I would love to hear your comments.  I would especially like to hear of suggestions.  Something I missed? Something you know that I don’t?  Just let me know.

Check back next week for a progress report.  

Let me help you help yourself!


3 Responses

  1. What about becoming a counselor appeals to you? I think you’re wise in getting a lot more information before making that, or any, career move.

    I’ve always been interested in personal growth, so when it was time to go back to work after staying at home with my daughter for 10 years, I seriously considered becoming certified as a counselor. I ended up refreshing my computer programming skills and getting the best job of my life using my background in physics (see )

    I didn’t give up on using my experience in personal growth–I taught classes at the local community college and led ongoing groups on the subject. It was a good choice for me.

    I notice you didn’t mention the Myers-Briggs Type Indicator. Have you ever taken it? It’s a great way of getting in touch with what you really like to do. It was designed to help people find jobs that matched their interests.

    Do me a favor and take it (or something similar) and share the results with us in a post. We’re rooting for you!

  2. Another thing I would add to the list is cut down on your material standard of living. Pay off your truck debt and start saving money. My husband and I have always lived below our means and it’s given us incredible freedom.

    You say you’re comfortable but unhappy. I have a different view of comfort zones: I was lucky enough to be depressed when I was a kid, and the experience gave me enough motivation to last the rest of my life. I realized then that material things could never fill the emptiness inside me, so I never fell into that trap.

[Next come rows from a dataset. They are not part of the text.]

(* Let $\Delta$ be a local derivation of $\mathcal{S}$ with $\Delta(G_0)=\Delta(G_1)=0$. Then $\Delta(G_m)=0$ for all $m\in\mathbb{Z}$.
   Context: $\mathcal{S}$ is the centerless super Virasoro algebra: the Lie superalgebra over $\mathbb{C}$ with basis $\{L_m,G_n: m,n\in\mathbb{Z}\}$, $L_m$ even, $G_n$ odd, and brackets $[L_m,L_n]=(m-n)L_{m+n}$, $[L_m,G_r]=(\frac m2-r)G_{m+r}$, $[G_r,G_s]=2L_{r+s}$. A homogeneous linear map $D$ of parity $|D|$ is a derivation if $D([x,y])=[D(x),y]+(-1)^{|D||x|}[x,D(y)]$ for homogeneous $x,y$; derivations are sums of even and odd ones. A linear map $\Delta:\mathcal{S}\to\mathcal{S}$ is a local derivation if for every $x$ there is a derivation $D_x$ with $\Delta(x)=D_x(x)$. *)

theory Defs
  imports Complex_Main "HOL-Library.Poly_Mapping" "HOL-Library.Product_Plus"
begin

text \<open>The centerless super Virasoro algebra S.  An element is a pair (a, b) of finitely
  supported coefficient functions: a is the coefficient vector w.r.t. the even basis
  vectors L_m, b the one w.r.t. the odd basis vectors G_n.\<close>

type_synonym sv = "(int \<Rightarrow>\<^sub>0 complex) \<times> (int \<Rightarrow>\<^sub>0 complex)"

definition Lb :: "int \<Rightarrow> sv" where "Lb m = (Poly_Mapping.single m 1, 0)"
definition Gb :: "int \<Rightarrow> sv" where "Gb n = (0, Poly_Mapping.single n 1)"

definition sv_scale :: "complex \<Rightarrow> sv \<Rightarrow> sv" where
  "sv_scale c x = (Poly_Mapping.map ((*) c) (fst x), Poly_Mapping.map ((*) c) (snd x))"

text \<open>The bracket, extended bilinearly from
  [L_m,L_n] = (m-n)L_{m+n}, [L_m,G_r] = (m/2-r)G_{m+r}, [G_r,L_m] = -(m/2-r)G_{m+r},
  [G_r,G_s] = 2 L_{r+s}.\<close>
definition sv_bracket :: "sv \<Rightarrow> sv \<Rightarrow> sv" where
  "sv_bracket x y =
    ((\<Sum>m\<in>Poly_Mapping.keys (fst x). \<Sum>n\<in>Poly_Mapping.keys (fst y).
        Poly_Mapping.single (m + n) (Poly_Mapping.lookup (fst x) m * Poly_Mapping.lookup (fst y) n * of_int (m - n)))
     + (\<Sum>r\<in>Poly_Mapping.keys (snd x). \<Sum>s\<in>Poly_Mapping.keys (snd y).
        Poly_Mapping.single (r + s) (2 * Poly_Mapping.lookup (snd x) r * Poly_Mapping.lookup (snd y) s)),
     (\<Sum>m\<in>Poly_Mapping.keys (fst x). \<Sum>r\<in>Poly_Mapping.keys (snd y).
        Poly_Mapping.single (m + r) (Poly_Mapping.lookup (fst x) m * Poly_Mapping.lookup (snd y) r * (of_int m / 2 - of_int r)))
     - (\<Sum>r\<in>Poly_Mapping.keys (snd x). \<Sum>m\<in>Poly_Mapping.keys (fst y).
        Poly_Mapping.single (m + r) (Poly_Mapping.lookup (snd x) r * Poly_Mapping.lookup (fst y) m * (of_int m / 2 - of_int r))))"

definition sv_linear :: "(sv \<Rightarrow> sv) \<Rightarrow> bool" where
  "sv_linear D \<longleftrightarrow> (\<forall>x y. D (x + y) = D x + D y) \<and> (\<forall>c x. D (sv_scale c x) = sv_scale c (D x))"

definition sv_even :: "sv \<Rightarrow> bool" where "sv_even x \<longleftrightarrow> snd x = 0"
definition sv_odd :: "sv \<Rightarrow> bool" where "sv_odd x \<longleftrightarrow> fst x = 0"

text \<open>parity of a homogeneous map / element: False = even, True = odd\<close>
definition sv_hom_of_parity :: "bool \<Rightarrow> sv \<Rightarrow> bool" where
  "sv_hom_of_parity p x \<longleftrightarrow> (if p then sv_odd x else sv_even x)"

definition sv_map_of_parity :: "bool \<Rightarrow> (sv \<Rightarrow> sv) \<Rightarrow> bool" where
  "sv_map_of_parity p D \<longleftrightarrow>
     (\<forall>x. sv_even x \<longrightarrow> sv_hom_of_parity p (D x)) \<and>
     (\<forall>x. sv_odd x \<longrightarrow> sv_hom_of_parity (\<not> p) (D x))"

definition sv_hom_derivation :: "bool \<Rightarrow> (sv \<Rightarrow> sv) \<Rightarrow> bool" where
  "sv_hom_derivation p D \<longleftrightarrow> sv_linear D \<and> sv_map_of_parity p D \<and>
     (\<forall>x y. (sv_even x \<or> sv_odd x) \<longrightarrow> (sv_even y \<or> sv_odd y) \<longrightarrow>
        D (sv_bracket x y) =
          sv_bracket (D x) y
          + sv_scale (if p \<and> sv_odd x then -1 else 1) (sv_bracket x (D y)))"

definition sv_derivation :: "(sv \<Rightarrow> sv) \<Rightarrow> bool" where
  "sv_derivation D \<longleftrightarrow> (\<exists>D0 D1. sv_hom_derivation False D0 \<and> sv_hom_derivation True D1 \<and>
                                 (\<forall>x. D x = D0 x + D1 x))"

definition sv_local_derivation :: "(sv \<Rightarrow> sv) \<Rightarrow> bool" where
  "sv_local_derivation \<Delta> \<longleftrightarrow> sv_linear \<Delta> \<and> (\<forall>x. \<exists>D. sv_derivation D \<and> \<Delta> x = D x)"

end

(* Every derivation of S acts on the odd part as an inner one: an even derivation as
   ad (\<Sum> Y j L_j), an odd one as ad (\<Sum> Y j G_j).  Since \<Delta> kills G_0 and G_1,
   \<Delta> G_M = \<Delta> (G_M + s G_0 + t G_1) lies in [S, G_M + s G_0 + t G_1] for all s, t.
   For suitable s, t depending on \<zeta>, weights \<zeta>^k resp. \<zeta>^k Q(k) annihilate these brackets,
   so the Laurent polynomials they form with the coefficients of \<Delta> G_M vanish for all \<zeta> \<noteq> 0.
   Hence the L-coefficients vanish, and each G-coefficient is killed by three quadratics
   without common integer root when M \<notin> {0, 1}. *)

theory Submission
  imports Defs "HOL-Computational_Algebra.Polynomial"
begin

section \<open>Brackets of basis elements\<close>

lemma lookup_fst_sv_scale [simp]:
  "Poly_Mapping.lookup (fst (sv_scale c x)) k = c * Poly_Mapping.lookup (fst x) k"
  by (simp add: sv_scale_def Poly_Mapping.map.rep_eq when_def)

lemma lookup_snd_sv_scale [simp]:
  "Poly_Mapping.lookup (snd (sv_scale c x)) k = c * Poly_Mapping.lookup (snd x) k"
  by (simp add: sv_scale_def Poly_Mapping.map.rep_eq when_def)

lemma sv_scale_one [simp]: "sv_scale 1 x = x"
  by (rule prod_eqI; rule poly_mapping_eqI) simp_all

lemma sv_scale_zero [simp]: "sv_scale c 0 = 0"
  by (rule prod_eqI; rule poly_mapping_eqI) simp_all

lemma fst_Gb [simp]: "fst (Gb r) = 0"
  and snd_Gb [simp]: "snd (Gb r) = Poly_Mapping.single r 1"
  and fst_Lb [simp]: "fst (Lb r) = Poly_Mapping.single r 1"
  and snd_Lb [simp]: "snd (Lb r) = 0"
  by (simp_all add: Gb_def Lb_def)

lemma sv_even_Lb: "sv_even (Lb n)"
  by (simp add: sv_even_def)

lemma sv_odd_Gb: "sv_odd (Gb n)"
  by (simp add: sv_odd_def)

lemma not_sv_odd_Lb [simp]: "\<not> sv_odd (Lb n)"
  by (simp add: sv_odd_def poly_mapping_eq_iff fun_eq_iff lookup_single)

lemma lookup_sum_single_shift:
  fixes f :: "int \<Rightarrow> complex"
  assumes "finite K" and "\<And>x. x \<notin> K \<Longrightarrow> f x = 0"
  shows "Poly_Mapping.lookup (\<Sum>x\<in>K. Poly_Mapping.single (x + r) (f x)) k = f (k - r)"
    and "Poly_Mapping.lookup (\<Sum>x\<in>K. Poly_Mapping.single (r + x) (f x)) k = f (k - r)"
proof -
  have "Poly_Mapping.lookup (\<Sum>x\<in>K. Poly_Mapping.single (x + r) (f x)) k
      = (\<Sum>x\<in>K. if x = k - r then f x else 0)"
    by (simp add: lookup_sum lookup_single when_def) (rule sum.cong, auto)
  also have "\<dots> = f (k - r)"
    using assms by (simp add: sum.delta')
  finally show "Poly_Mapping.lookup (\<Sum>x\<in>K. Poly_Mapping.single (x + r) (f x)) k = f (k - r)" .
  then show "Poly_Mapping.lookup (\<Sum>x\<in>K. Poly_Mapping.single (r + x) (f x)) k = f (k - r)"
    by (simp add: add.commute)
qed

lemma lookup_eq_0_if_notin_keys: "x \<notin> Poly_Mapping.keys p \<Longrightarrow> Poly_Mapping.lookup p x = 0"
  by (simp add: in_keys_iff)

lemmas lookup_sv_bracket_simps = sv_bracket_def lookup_sum_single_shift lookup_eq_0_if_notin_keys

lemma lookup_fst_bracket_Gb_right:
  "Poly_Mapping.lookup (fst (sv_bracket a (Gb r))) k = 2 * Poly_Mapping.lookup (snd a) (k - r)"
  by (simp add: lookup_sv_bracket_simps)

lemma lookup_snd_bracket_Gb_right:
  "Poly_Mapping.lookup (snd (sv_bracket a (Gb r))) k
     = Poly_Mapping.lookup (fst a) (k - r) * (of_int (k - r) / 2 - of_int r)"
  by (simp add: lookup_sv_bracket_simps)

lemma lookup_fst_bracket_Gb_left:
  "Poly_Mapping.lookup (fst (sv_bracket (Gb r) b)) k = 2 * Poly_Mapping.lookup (snd b) (k - r)"
  by (simp add: lookup_sv_bracket_simps)

lemma lookup_snd_bracket_Gb_left:
  "Poly_Mapping.lookup (snd (sv_bracket (Gb r) b)) k
     = - (Poly_Mapping.lookup (fst b) (k - r) * (of_int (k - r) / 2 - of_int r))"
  by (simp add: lookup_sv_bracket_simps)

lemma lookup_fst_bracket_Lb_right:
  "Poly_Mapping.lookup (fst (sv_bracket a (Lb n))) k
     = Poly_Mapping.lookup (fst a) (k - n) * of_int ((k - n) - n)"
  by (simp add: lookup_sv_bracket_simps)

lemma lookup_fst_bracket_Lb_left:
  "Poly_Mapping.lookup (fst (sv_bracket (Lb n) b)) k
     = Poly_Mapping.lookup (fst b) (k - n) * of_int (n - (k - n))"
  by (simp add: lookup_sv_bracket_simps)

lemma lookup_snd_bracket_Lb_left:
  "Poly_Mapping.lookup (snd (sv_bracket (Lb n) b)) k
     = Poly_Mapping.lookup (snd b) (k - n) * (of_int n / 2 - of_int (k - n))"
  by (simp add: lookup_sv_bracket_simps)

lemma sv_bracket_Gb_Gb: "sv_bracket (Gb r) (Gb s) = sv_scale 2 (Lb (r + s))"
  by (rule prod_eqI; rule poly_mapping_eqI)
     (auto simp: lookup_fst_bracket_Gb_right lookup_snd_bracket_Gb_right lookup_single when_def)

lemma sv_bracket_Lb_Gb: "sv_bracket (Lb m) (Gb r) = sv_scale (of_int m / 2 - of_int r) (Gb (m + r))"
  by (rule prod_eqI; rule poly_mapping_eqI)
     (auto simp: lookup_fst_bracket_Gb_right lookup_snd_bracket_Gb_right lookup_single when_def)

lemma sv_bracket_Lb_Lb: "sv_bracket (Lb m) (Lb n) = sv_scale (of_int (m - n)) (Lb (m + n))"
  by (rule prod_eqI; rule poly_mapping_eqI)
     (auto simp: lookup_fst_bracket_Lb_left lookup_snd_bracket_Lb_left lookup_single when_def)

  3. @Jean – Thanks for the response, information, and the question. Emphasis on the question.
    The most appealing idea about becoming a counselor is helping others with and through personal challenges that they are facing.
    The “idea” or desire to become a counselor stems from my 2 week stint at Cumberland Heights I think. The counselors there really touched a part of me that I feel necessary to spread to others. To “pay it forward” so to speak. I can’t recall a day since where I didn’t have this desire.
    And don’t worry. I’m not going to walk in the office and turn in my keys tomorrow. This is a long path for me and I’m just at the beginning. I may find, after researching, that this is just a phase or it’s just not feasible. I’ll cross that bridge when I get there.
    Take your pen or pencil and write 10. Take MBTI up there on your monitor in The Plan section. I’ve added it to my goals. I may have to modify that plan next week already.
    Again thanks so much for the input. Very valuable.